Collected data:
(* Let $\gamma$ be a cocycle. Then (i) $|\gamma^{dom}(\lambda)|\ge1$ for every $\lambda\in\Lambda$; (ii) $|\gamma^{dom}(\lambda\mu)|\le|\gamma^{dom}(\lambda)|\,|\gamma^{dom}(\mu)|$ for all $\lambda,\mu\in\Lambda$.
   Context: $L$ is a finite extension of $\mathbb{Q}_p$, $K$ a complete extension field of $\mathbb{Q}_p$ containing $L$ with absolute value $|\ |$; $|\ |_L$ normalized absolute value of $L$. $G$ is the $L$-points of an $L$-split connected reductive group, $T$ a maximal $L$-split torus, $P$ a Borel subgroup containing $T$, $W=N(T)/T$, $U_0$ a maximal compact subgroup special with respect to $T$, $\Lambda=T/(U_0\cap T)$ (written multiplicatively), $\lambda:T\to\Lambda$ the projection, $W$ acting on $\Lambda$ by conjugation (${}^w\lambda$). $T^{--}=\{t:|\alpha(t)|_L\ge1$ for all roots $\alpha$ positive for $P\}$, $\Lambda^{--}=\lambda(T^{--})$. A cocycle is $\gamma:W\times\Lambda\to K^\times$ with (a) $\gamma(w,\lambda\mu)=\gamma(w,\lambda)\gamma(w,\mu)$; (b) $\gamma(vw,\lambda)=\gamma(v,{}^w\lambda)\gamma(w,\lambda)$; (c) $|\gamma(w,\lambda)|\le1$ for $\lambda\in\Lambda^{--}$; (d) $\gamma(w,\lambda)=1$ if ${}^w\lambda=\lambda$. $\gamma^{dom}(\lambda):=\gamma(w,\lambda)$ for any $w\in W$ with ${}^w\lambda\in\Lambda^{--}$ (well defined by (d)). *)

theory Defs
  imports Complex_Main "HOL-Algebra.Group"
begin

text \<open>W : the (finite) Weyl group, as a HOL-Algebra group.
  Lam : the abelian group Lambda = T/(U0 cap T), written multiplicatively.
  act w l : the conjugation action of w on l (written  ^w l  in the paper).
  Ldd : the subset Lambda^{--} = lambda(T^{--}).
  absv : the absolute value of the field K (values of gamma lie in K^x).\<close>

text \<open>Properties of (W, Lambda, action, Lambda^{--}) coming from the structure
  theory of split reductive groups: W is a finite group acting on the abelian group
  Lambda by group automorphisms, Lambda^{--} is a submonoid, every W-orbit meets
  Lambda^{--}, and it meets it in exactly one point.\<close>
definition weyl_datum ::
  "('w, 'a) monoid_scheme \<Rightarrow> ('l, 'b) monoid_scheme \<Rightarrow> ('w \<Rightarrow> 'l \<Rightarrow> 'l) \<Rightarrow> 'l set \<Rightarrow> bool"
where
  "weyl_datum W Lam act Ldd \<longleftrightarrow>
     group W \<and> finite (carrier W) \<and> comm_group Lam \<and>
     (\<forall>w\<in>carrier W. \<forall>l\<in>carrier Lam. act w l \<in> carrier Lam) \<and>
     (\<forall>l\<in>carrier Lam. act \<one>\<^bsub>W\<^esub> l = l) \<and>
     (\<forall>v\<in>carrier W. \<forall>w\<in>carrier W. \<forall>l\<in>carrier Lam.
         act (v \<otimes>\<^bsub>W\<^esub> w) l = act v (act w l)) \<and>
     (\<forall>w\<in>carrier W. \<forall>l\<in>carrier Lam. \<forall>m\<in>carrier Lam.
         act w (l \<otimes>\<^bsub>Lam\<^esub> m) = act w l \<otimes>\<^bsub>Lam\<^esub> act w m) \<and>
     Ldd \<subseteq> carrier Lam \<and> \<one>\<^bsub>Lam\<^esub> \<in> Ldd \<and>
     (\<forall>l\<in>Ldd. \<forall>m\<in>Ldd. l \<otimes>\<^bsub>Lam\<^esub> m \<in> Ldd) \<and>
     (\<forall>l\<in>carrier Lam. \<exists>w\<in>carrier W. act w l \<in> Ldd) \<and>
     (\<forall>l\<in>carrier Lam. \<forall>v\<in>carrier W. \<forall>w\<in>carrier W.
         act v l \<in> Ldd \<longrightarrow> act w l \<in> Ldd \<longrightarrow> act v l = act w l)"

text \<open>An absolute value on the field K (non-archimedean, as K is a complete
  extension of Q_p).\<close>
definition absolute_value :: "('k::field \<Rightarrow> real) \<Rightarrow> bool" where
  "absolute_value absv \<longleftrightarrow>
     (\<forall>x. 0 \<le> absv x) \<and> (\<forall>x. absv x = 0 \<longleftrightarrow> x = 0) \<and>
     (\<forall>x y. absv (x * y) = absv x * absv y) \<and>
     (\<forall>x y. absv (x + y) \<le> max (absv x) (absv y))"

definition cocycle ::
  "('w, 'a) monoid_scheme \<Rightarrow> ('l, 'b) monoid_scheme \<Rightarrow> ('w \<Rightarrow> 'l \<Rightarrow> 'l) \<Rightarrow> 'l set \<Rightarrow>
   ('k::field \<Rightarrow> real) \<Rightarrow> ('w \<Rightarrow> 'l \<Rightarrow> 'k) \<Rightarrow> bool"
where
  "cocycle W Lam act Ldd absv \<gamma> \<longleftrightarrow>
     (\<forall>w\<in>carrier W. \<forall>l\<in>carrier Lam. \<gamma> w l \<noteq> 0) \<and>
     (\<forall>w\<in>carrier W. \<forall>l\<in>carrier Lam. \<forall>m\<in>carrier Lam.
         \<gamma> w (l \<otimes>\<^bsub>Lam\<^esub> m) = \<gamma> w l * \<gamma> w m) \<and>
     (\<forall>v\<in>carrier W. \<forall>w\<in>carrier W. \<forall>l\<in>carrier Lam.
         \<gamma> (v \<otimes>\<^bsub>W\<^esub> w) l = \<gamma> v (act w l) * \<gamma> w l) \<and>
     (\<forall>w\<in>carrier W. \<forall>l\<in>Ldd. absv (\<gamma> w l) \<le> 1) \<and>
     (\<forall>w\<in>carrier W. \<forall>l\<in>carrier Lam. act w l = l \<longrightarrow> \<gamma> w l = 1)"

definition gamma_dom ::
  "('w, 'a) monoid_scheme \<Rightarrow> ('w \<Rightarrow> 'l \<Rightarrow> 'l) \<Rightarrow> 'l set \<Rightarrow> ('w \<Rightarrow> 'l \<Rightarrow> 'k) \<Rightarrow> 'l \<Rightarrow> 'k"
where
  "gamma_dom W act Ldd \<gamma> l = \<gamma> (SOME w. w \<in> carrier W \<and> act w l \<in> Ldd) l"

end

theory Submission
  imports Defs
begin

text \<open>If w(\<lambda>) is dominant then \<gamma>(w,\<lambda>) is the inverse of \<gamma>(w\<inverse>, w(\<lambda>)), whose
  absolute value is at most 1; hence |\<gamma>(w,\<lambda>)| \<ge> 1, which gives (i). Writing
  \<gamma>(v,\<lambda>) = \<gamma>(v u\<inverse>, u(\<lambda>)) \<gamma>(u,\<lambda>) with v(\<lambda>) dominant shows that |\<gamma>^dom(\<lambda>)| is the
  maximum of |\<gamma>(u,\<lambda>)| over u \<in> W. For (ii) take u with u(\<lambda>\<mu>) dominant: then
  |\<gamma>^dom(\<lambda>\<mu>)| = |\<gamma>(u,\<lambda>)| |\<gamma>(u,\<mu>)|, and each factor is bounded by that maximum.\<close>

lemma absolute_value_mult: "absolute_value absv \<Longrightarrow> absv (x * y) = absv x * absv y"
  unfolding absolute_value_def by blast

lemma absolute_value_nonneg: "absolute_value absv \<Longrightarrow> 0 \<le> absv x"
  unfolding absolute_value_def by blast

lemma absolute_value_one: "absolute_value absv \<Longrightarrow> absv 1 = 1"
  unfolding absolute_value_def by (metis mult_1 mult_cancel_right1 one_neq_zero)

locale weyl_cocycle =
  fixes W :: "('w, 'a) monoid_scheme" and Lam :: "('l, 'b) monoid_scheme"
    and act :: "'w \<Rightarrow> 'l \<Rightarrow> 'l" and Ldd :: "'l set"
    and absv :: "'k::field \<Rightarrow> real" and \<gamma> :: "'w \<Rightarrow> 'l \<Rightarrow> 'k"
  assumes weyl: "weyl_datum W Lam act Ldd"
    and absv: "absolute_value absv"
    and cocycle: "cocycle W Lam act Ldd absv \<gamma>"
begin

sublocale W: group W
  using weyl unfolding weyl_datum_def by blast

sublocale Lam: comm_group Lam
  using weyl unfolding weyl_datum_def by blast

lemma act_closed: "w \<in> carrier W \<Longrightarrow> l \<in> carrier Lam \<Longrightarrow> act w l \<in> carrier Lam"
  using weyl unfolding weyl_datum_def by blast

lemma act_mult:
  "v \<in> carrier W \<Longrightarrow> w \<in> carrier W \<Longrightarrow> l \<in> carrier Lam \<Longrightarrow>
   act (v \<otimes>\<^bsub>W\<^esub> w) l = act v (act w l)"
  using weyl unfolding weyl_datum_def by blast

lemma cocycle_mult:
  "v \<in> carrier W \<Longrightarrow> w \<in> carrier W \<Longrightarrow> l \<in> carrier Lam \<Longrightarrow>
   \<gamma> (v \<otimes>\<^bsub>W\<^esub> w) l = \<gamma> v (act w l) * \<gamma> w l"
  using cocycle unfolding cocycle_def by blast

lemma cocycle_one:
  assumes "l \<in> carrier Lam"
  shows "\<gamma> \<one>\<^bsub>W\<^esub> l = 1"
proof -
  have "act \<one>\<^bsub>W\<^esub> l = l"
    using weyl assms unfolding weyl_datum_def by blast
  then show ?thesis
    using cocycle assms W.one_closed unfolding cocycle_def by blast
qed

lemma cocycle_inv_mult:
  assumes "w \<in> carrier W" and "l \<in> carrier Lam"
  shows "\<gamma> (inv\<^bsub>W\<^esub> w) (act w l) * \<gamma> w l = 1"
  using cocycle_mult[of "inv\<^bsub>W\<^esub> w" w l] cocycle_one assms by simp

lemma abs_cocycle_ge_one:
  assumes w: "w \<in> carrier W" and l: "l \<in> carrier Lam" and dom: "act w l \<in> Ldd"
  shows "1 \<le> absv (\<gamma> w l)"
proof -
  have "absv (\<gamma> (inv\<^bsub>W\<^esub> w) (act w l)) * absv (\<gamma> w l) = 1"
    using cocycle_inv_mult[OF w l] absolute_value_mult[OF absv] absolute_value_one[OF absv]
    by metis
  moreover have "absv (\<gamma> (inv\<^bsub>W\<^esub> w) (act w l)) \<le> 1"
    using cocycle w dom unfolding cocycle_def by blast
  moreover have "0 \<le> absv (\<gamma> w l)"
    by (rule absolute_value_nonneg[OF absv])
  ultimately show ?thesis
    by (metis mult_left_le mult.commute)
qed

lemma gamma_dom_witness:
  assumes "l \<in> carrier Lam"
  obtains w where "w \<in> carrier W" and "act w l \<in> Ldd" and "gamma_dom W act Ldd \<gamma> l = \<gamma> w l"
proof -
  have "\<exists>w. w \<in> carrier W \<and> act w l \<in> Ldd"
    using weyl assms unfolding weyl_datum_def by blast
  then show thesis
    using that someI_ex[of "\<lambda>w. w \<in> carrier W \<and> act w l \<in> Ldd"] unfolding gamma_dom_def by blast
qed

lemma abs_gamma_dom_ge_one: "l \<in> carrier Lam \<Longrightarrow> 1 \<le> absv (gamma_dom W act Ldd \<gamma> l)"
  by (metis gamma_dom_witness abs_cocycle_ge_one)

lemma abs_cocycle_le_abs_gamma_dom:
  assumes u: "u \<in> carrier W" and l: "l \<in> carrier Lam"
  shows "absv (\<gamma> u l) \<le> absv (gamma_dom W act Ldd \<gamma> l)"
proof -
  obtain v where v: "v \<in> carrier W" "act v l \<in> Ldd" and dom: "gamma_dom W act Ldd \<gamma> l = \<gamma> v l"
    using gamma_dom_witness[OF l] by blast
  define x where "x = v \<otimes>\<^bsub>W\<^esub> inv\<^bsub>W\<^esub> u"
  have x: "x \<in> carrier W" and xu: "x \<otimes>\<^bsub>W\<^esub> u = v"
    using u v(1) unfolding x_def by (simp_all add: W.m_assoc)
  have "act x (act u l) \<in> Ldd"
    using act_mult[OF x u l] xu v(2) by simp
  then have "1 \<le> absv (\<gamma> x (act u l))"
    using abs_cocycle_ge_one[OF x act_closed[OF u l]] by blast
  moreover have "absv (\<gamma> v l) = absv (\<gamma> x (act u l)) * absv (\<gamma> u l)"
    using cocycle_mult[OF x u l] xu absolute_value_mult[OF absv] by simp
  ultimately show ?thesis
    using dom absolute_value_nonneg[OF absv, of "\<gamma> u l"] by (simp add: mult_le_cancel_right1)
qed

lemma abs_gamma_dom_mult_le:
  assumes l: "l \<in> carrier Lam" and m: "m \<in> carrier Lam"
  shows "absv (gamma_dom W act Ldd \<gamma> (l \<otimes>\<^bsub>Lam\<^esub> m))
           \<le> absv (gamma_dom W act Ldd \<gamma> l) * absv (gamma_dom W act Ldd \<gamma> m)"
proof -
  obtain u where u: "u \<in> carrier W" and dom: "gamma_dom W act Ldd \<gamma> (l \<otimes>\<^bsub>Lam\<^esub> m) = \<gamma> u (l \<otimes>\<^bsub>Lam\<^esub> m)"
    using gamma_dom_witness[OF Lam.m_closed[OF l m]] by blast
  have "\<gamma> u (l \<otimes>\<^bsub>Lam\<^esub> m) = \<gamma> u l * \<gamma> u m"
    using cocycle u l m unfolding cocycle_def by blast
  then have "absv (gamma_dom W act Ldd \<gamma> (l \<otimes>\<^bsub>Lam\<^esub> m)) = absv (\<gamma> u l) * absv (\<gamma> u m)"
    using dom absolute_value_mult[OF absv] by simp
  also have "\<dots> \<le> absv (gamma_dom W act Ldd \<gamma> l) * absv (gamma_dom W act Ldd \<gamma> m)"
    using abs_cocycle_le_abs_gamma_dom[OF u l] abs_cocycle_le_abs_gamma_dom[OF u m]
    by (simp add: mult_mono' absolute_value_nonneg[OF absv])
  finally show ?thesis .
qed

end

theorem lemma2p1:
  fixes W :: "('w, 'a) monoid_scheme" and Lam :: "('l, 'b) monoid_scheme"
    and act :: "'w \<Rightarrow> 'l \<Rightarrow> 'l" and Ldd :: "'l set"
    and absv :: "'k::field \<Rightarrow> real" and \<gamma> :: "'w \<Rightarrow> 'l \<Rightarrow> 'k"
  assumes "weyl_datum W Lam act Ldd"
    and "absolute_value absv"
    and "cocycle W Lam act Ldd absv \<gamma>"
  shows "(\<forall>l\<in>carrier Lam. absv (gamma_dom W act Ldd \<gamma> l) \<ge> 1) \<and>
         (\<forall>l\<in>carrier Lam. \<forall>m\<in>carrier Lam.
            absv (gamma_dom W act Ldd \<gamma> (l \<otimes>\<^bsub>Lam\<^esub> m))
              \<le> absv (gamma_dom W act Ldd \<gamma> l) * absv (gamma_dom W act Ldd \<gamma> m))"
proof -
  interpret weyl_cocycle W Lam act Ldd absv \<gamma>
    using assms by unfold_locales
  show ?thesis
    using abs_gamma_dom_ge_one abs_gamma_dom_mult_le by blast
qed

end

Instructions for the task: From the opening line of the data above through the line holding "text \<open>Properties of", give every line again exactly as it stands.

Result:
(* Let $\gamma$ be a cocycle. Then (i) $|\gamma^{dom}(\lambda)|\ge1$ for every $\lambda\in\Lambda$; (ii) $|\gamma^{dom}(\lambda\mu)|\le|\gamma^{dom}(\lambda)|\,|\gamma^{dom}(\mu)|$ for all $\lambda,\mu\in\Lambda$.
   Context: $L$ is a finite extension of $\mathbb{Q}_p$, $K$ a complete extension field of $\mathbb{Q}_p$ containing $L$ with absolute value $|\ |$; $|\ |_L$ normalized absolute value of $L$. $G$ is the $L$-points of an $L$-split connected reductive group, $T$ a maximal $L$-split torus, $P$ a Borel subgroup containing $T$, $W=N(T)/T$, $U_0$ a maximal compact subgroup special with respect to $T$, $\Lambda=T/(U_0\cap T)$ (written multiplicatively), $\lambda:T\to\Lambda$ the projection, $W$ acting on $\Lambda$ by conjugation (${}^w\lambda$). $T^{--}=\{t:|\alpha(t)|_L\ge1$ for all roots $\alpha$ positive for $P\}$, $\Lambda^{--}=\lambda(T^{--})$. A cocycle is $\gamma:W\times\Lambda\to K^\times$ with (a) $\gamma(w,\lambda\mu)=\gamma(w,\lambda)\gamma(w,\mu)$; (b) $\gamma(vw,\lambda)=\gamma(v,{}^w\lambda)\gamma(w,\lambda)$; (c) $|\gamma(w,\lambda)|\le1$ for $\lambda\in\Lambda^{--}$; (d) $\gamma(w,\lambda)=1$ if ${}^w\lambda=\lambda$. $\gamma^{dom}(\lambda):=\gamma(w,\lambda)$ for any $w\in W$ with ${}^w\lambda\in\Lambda^{--}$ (well defined by (d)). *)

theory Defs
  imports Complex_Main "HOL-Algebra.Group"
begin

text \<open>W : the (finite) Weyl group, as a HOL-Algebra group.
  Lam : the abelian group Lambda = T/(U0 cap T), written multiplicatively.
  act w l : the conjugation action of w on l (written  ^w l  in the paper).
  Ldd : the subset Lambda^{--} = lambda(T^{--}).
  absv : the absolute value of the field K (values of gamma lie in K^x).\<close>

text \<open>Properties of (W, Lambda, action, Lambda^{--}) coming from the structure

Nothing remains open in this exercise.